[Stored items from a collection]
══════

(* Let $p,q\ge1$, $n=p+q$. For every $s\in\mathfrak{S}_{p,q}$, $\widetilde\alpha(Q_{p,q}(s))=T_s$ and $\widetilde\beta(T_s)=s$.
   Context: $\mathfrak{S}_n$ is generated by $s_i=(i,i+1)$; products are composed so that $(\sigma\tau)(x)=\tau(\sigma(x))$. $\mathfrak{S}_{p,q}$ is the set of $\sigma\in\mathfrak{S}_{p+q}$ with $\sigma^{-1}(1)<\cdots<\sigma^{-1}(p)$ and $\sigma^{-1}(p+1)<\cdots<\sigma^{-1}(p+q)$. Bubble decomposition: every $\sigma\in\mathfrak{S}_n$ factors uniquely as $\sigma=\sigma^{(n-1)}\cdots\sigma^{(1)}$ with $\sigma^{(k)}\in\{e,s_k,s_{k-1}s_k,\dots,s_1\cdots s_k\}$; $t_k(\sigma)=t$ if $\sigma^{(k)}=s_t\cdots s_k$, $t_k(\sigma)=0$ if $\sigma^{(k)}=e$, and $t_n(\sigma)=0$. $\operatorname{GVB}_n^+$ is the monoid generated by $\sigma_1,\dots,\sigma_{n-1},\xi_1,\dots,\xi_{n-1}$ subject to: for $|i-j|>1$, $\sigma_i\sigma_j=\sigma_j\sigma_i$, $\sigma_i\xi_j=\xi_j\sigma_i$, $\xi_i\xi_j=\xi_j\xi_i$; for $1\le i\le n-2$, $\sigma_i\sigma_{i+1}\sigma_i=\sigma_{i+1}\sigma_i\sigma_{i+1}$, $\xi_i\xi_{i+1}\xi_i=\xi_{i+1}\xi_i\xi_{i+1}$, $\xi_i\sigma_{i+1}\sigma_i=\sigma_{i+1}\sigma_i\xi_{i+1}$, $\xi_{i+1}\sigma_i\sigma_{i+1}=\sigma_i\sigma_{i+1}\xi_i$. $\mathfrak{B}_n^+$ is the positive braid monoid on $\sigma_1,\dots,\sigma_{n-1}$. $\widetilde\alpha:\mathbb{K}[\operatorname{GVB}_n^+]\to\mathbb{K}[\mathfrak{B}_n^+]$ is the algebra quotient by the ideal generated by all $\xi_i$ ($\sigma_i\mapsto\sigma_i$, $\xi_i\mapsto0$), and $\widetilde\beta:\mathbb{K}[\mathfrak{B}_n^+]\to\mathbb{K}[\mathfrak{S}_n]$ is the quotient by the ideal generated by all $\sigma_i^2-1$ ($\sigma_i\mapsto s_i$). Matsumoto–Tits section: for $s\in\mathfrak{S}_n$ with reduced expression $s=s_{i_1}\cdots s_{i_l}$, $T_s=\sigma_{i_1}\cdots\sigma_{i_l}\in\mathfrak{B}_n^+$ (independent of the reduced expression). For $s\in\mathfrak{S}_{p,q}$ with $t_k=t_k(s)$, $$Q_{p,q}(s)=\prod_{k=n-1,\dots,1;\ s^{(k)}\neq e}\big(\sigma_{t_k}+(1-\delta_{t_k+1,t_{k+1}})\sigma_1\cdots\sigma_{t_k-1}\xi_{t_k}\big)\sigma_{t_k+1}\cdots\sigma_k\in\mathbb{K}[\operatorname{GVB}_n^+],$$ factors ordered with $k$ decreasing from left to right, $\delta$ the Kronecker delta, empty products equal to $e$. *)

theory Defs
  imports "HOL-Combinatorics.Permutations"
begin

text \<open>Words in the generators sigma_i (Sig i) and xi_i (Xi i).  Words over Sig only are
  words in the positive braid monoid generators.\<close>

datatype gen = Sig nat | Xi nat

fun is_Sig :: "gen \<Rightarrow> bool" where
  "is_Sig (Sig _) = True" | "is_Sig (Xi _) = False"

fun gidx :: "gen \<Rightarrow> nat" where
  "gidx (Sig i) = i" | "gidx (Xi i) = i"

inductive gvb_rel :: "nat \<Rightarrow> gen list \<Rightarrow> gen list \<Rightarrow> bool" for n where
  ss: "\<lbrakk>1 \<le> i; i < n; 1 \<le> j; j < n; i + 1 < j \<or> j + 1 < i\<rbrakk> \<Longrightarrow> gvb_rel n [Sig i, Sig j] [Sig j, Sig i]"
| sx: "\<lbrakk>1 \<le> i; i < n; 1 \<le> j; j < n; i + 1 < j \<or> j + 1 < i\<rbrakk> \<Longrightarrow> gvb_rel n [Sig i, Xi j] [Xi j, Sig i]"
| xx: "\<lbrakk>1 \<le> i; i < n; 1 \<le> j; j < n; i + 1 < j \<or> j + 1 < i\<rbrakk> \<Longrightarrow> gvb_rel n [Xi i, Xi j] [Xi j, Xi i]"
| sss: "\<lbrakk>1 \<le> i; i + 2 \<le> n\<rbrakk> \<Longrightarrow> gvb_rel n [Sig i, Sig (i+1), Sig i] [Sig (i+1), Sig i, Sig (i+1)]"
| xxx: "\<lbrakk>1 \<le> i; i + 2 \<le> n\<rbrakk> \<Longrightarrow> gvb_rel n [Xi i, Xi (i+1), Xi i] [Xi (i+1), Xi i, Xi (i+1)]"
| xss: "\<lbrakk>1 \<le> i; i + 2 \<le> n\<rbrakk> \<Longrightarrow> gvb_rel n [Xi i, Sig (i+1), Sig i] [Sig (i+1), Sig i, Xi (i+1)]"
| xss': "\<lbrakk>1 \<le> i; i + 2 \<le> n\<rbrakk> \<Longrightarrow> gvb_rel n [Xi (i+1), Sig i, Sig (i+1)] [Sig i, Sig (i+1), Xi i]"

inductive braid_rel :: "nat \<Rightarrow> gen list \<Rightarrow> gen list \<Rightarrow> bool" for n where
  ss: "\<lbrakk>1 \<le> i; i < n; 1 \<le> j; j < n; i + 1 < j \<or> j + 1 < i\<rbrakk> \<Longrightarrow> braid_rel n [Sig i, Sig j] [Sig j, Sig i]"
| sss: "\<lbrakk>1 \<le> i; i + 2 \<le> n\<rbrakk> \<Longrightarrow> braid_rel n [Sig i, Sig (i+1), Sig i] [Sig (i+1), Sig i, Sig (i+1)]"

definition ctx_step :: "('a list \<Rightarrow> 'a list \<Rightarrow> bool) \<Rightarrow> 'a list \<Rightarrow> 'a list \<Rightarrow> bool" where
  "ctx_step R u v \<longleftrightarrow> (\<exists>a b l r. R l r \<and> u = a @ l @ b \<and> v = a @ r @ b)"

definition mon_cong :: "('a list \<Rightarrow> 'a list \<Rightarrow> bool) \<Rightarrow> 'a list \<Rightarrow> 'a list \<Rightarrow> bool" where
  "mon_cong R = (\<lambda>u v. ctx_step R u v \<or> ctx_step R v u)\<^sup>*\<^sup>*"

text \<open>An element of the monoid algebra K[M] is represented by a formal K-linear combination
  (list of coefficient/representative pairs) of representatives of elements of M; two such
  combinations denote the same element of K[M] iff, for every element of M (equivalence class
  of representatives under E), the total coefficients agree.\<close>

type_synonym ('k, 'a) fsum = "('k \<times> 'a) list"

definition fs_eq :: "('a \<Rightarrow> 'a \<Rightarrow> bool) \<Rightarrow> ('k::comm_ring_1, 'a) fsum \<Rightarrow> ('k, 'a) fsum \<Rightarrow> bool" where
  "fs_eq E x y \<longleftrightarrow> (\<forall>w. sum_list [c. (c, v) \<leftarrow> x, E v w] = sum_list [c. (c, v) \<leftarrow> y, E v w])"

definition fs_mult :: "('k::comm_ring_1, 'a list) fsum \<Rightarrow> ('k, 'a list) fsum \<Rightarrow> ('k, 'a list) fsum" where
  "fs_mult x y = [(c * d, v @ w). (c, v) \<leftarrow> x, (d, w) \<leftarrow> y]"

definition fs_prod :: "('k::comm_ring_1, 'a list) fsum list \<Rightarrow> ('k, 'a list) fsum" where
  "fs_prod xs = foldr fs_mult xs [(1, [])]"

definition sw :: "nat \<Rightarrow> nat \<Rightarrow> nat" where
  "sw i = (\<lambda>x. if x = i then i + 1 else if x = i + 1 then i else x)"

text \<open>Product s_{i1} ... s_{il} with the convention (sigma tau)(x) = tau(sigma(x)).\<close>
fun perm_of :: "nat list \<Rightarrow> nat \<Rightarrow> nat" where
  "perm_of [] = id"
| "perm_of (i # w) = perm_of w \<circ> sw i"

definition Sym :: "nat \<Rightarrow> (nat \<Rightarrow> nat) set" where
  "Sym n = {\<sigma>. \<sigma> permutes {1..n}}"

definition shuffles :: "nat \<Rightarrow> nat \<Rightarrow> (nat \<Rightarrow> nat) set" where
  "shuffles p q = {\<sigma> \<in> Sym (p + q).
      (\<forall>i j. 1 \<le> i \<and> i < j \<and> j \<le> p \<longrightarrow> inv \<sigma> i < inv \<sigma> j) \<and>
      (\<forall>i j. p + 1 \<le> i \<and> i < j \<and> j \<le> p + q \<longrightarrow> inv \<sigma> i < inv \<sigma> j)}"

definition bubble_word :: "nat \<Rightarrow> nat \<Rightarrow> nat list" where
  "bubble_word k t = (if t = 0 then [] else [t..<k+1])"

definition bubble_t :: "nat \<Rightarrow> (nat \<Rightarrow> nat) \<Rightarrow> nat \<Rightarrow> nat" where
  "bubble_t n \<sigma> = (THE t. (\<forall>k. (k \<in> {1..n-1} \<longrightarrow> t k \<le> k) \<and> (k \<notin> {1..n-1} \<longrightarrow> t k = 0)) \<and>
       \<sigma> = perm_of (concat (map (\<lambda>k. bubble_word k (t k)) (rev [1..<n]))))"

definition Sigs :: "nat list \<Rightarrow> gen list" where
  "Sigs w = map Sig w"

definition Q_factor :: "nat \<Rightarrow> nat \<Rightarrow> nat \<Rightarrow> ('k::comm_ring_1, gen list) fsum" where
  "Q_factor k t t' =
     fs_mult [(1, [Sig t]), (1 - (if t + 1 = t' then 1 else 0), Sigs [1..<t] @ [Xi t])]
             [(1, Sigs [t+1..<k+1])]"

definition Q :: "nat \<Rightarrow> nat \<Rightarrow> (nat \<Rightarrow> nat) \<Rightarrow> ('k::comm_ring_1, gen list) fsum" where
  "Q p q s = (let n = p + q; t = bubble_t n s in
     fs_prod [Q_factor k (t k) (t (k+1)). k \<leftarrow> rev [1..<n], t k \<noteq> 0])"

text \<open>alpha~ : sigma_i -> sigma_i, xi_i -> 0, extended multiplicatively and linearly.\<close>
definition alpha_t :: "('k::comm_ring_1, gen list) fsum \<Rightarrow> ('k, gen list) fsum" where
  "alpha_t x = [(c, v). (c, v) \<leftarrow> x, list_all is_Sig v]"

definition beta_t :: "('k::comm_ring_1, gen list) fsum \<Rightarrow> ('k, nat \<Rightarrow> nat) fsum" where
  "beta_t x = [(c, perm_of (map gidx v)). (c, v) \<leftarrow> x]"

definition reduced_expr :: "nat \<Rightarrow> (nat \<Rightarrow> nat) \<Rightarrow> nat list \<Rightarrow> bool" where
  "reduced_expr n s w \<longleftrightarrow> set w \<subseteq> {1..n-1} \<and> perm_of w = s \<and>
     (\<forall>w'. set w' \<subseteq> {1..n-1} \<and> perm_of w' = s \<longrightarrow> length w \<le> length w')"

definition T :: "nat \<Rightarrow> (nat \<Rightarrow> nat) \<Rightarrow> ('k::comm_ring_1, gen list) fsum" where
  "T n s = [(1, Sigs (SOME w. reduced_expr n s w))]"

end

theory Submission
  imports Defs
begin

text \<open>Write s = s^(n-1) ... s^(1) for the bubble decomposition of s. In the factor of Q_{p,q}(s)
  belonging to k every summand other than sigma_(t_k) sigma_(t_k+1) ... sigma_k contains a xi, so
  alpha~ maps Q_{p,q}(s) to the braid word of the bubble expression of s. Each letter of that
  expression is applied at an ascent, so its length is the number of inversions of s: it is a
  reduced expression. By Matsumoto's theorem (the usual exchange induction) any two
  reduced expressions of s are related by braid relations, hence define the same element T_s of
  B_n^+; and beta~(T_s) = s because a reduced expression of s spells s.\<close>

section \<open>Inversions and reduced words\<close>

lemma sw_sw [simp]: "sw i (sw i x) = x"
  by (simp add: sw_def)

lemma sw_eq_transpose: "sw i = transpose i (i + 1)"
  by (simp add: fun_eq_iff sw_def transpose_def)

lemma perm_of_append: "perm_of (xs @ ys) = perm_of ys \<circ> perm_of xs"
  by (induction xs) auto

lemma perm_of_rev_comp: "perm_of (rev w) \<circ> perm_of w = id"
  by (induction w) (simp_all add: perm_of_append fun_eq_iff)

lemma perm_of_comp_rev: "perm_of w \<circ> perm_of (rev w) = id"
  using perm_of_rev_comp[of "rev w"] by simp

lemma inj_perm_of: "inj (perm_of w)"
  using perm_of_rev_comp[of w] by (metis inj_on_id inj_on_imageI2)

lemma perm_of_permutes: "set w \<subseteq> {1..n-1} \<Longrightarrow> perm_of w permutes {1..n}"
proof (induction w)
  case (Cons a w)
  then have "sw a permutes {1..n}"
    unfolding sw_eq_transpose by (intro permutes_swap_id) auto
  moreover have "perm_of w permutes {1..n}"
    using Cons by auto
  ultimately show ?case
    by (simp only: perm_of.simps permutes_compose)
qed simp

══════

▶ TASK ITEM: Filter the records for lines containing the word "Sigs" and copy each one.

▶ FINISHED EXERCISE:
definition Sigs :: "nat list \<Rightarrow> gen list" where
  "Sigs w = map Sig w"
     fs_mult [(1, [Sig t]), (1 - (if t + 1 = t' then 1 else 0), Sigs [1..<t] @ [Xi t])]
             [(1, Sigs [t+1..<k+1])]"
  "T n s = [(1, Sigs (SOME w. reduced_expr n s w))]"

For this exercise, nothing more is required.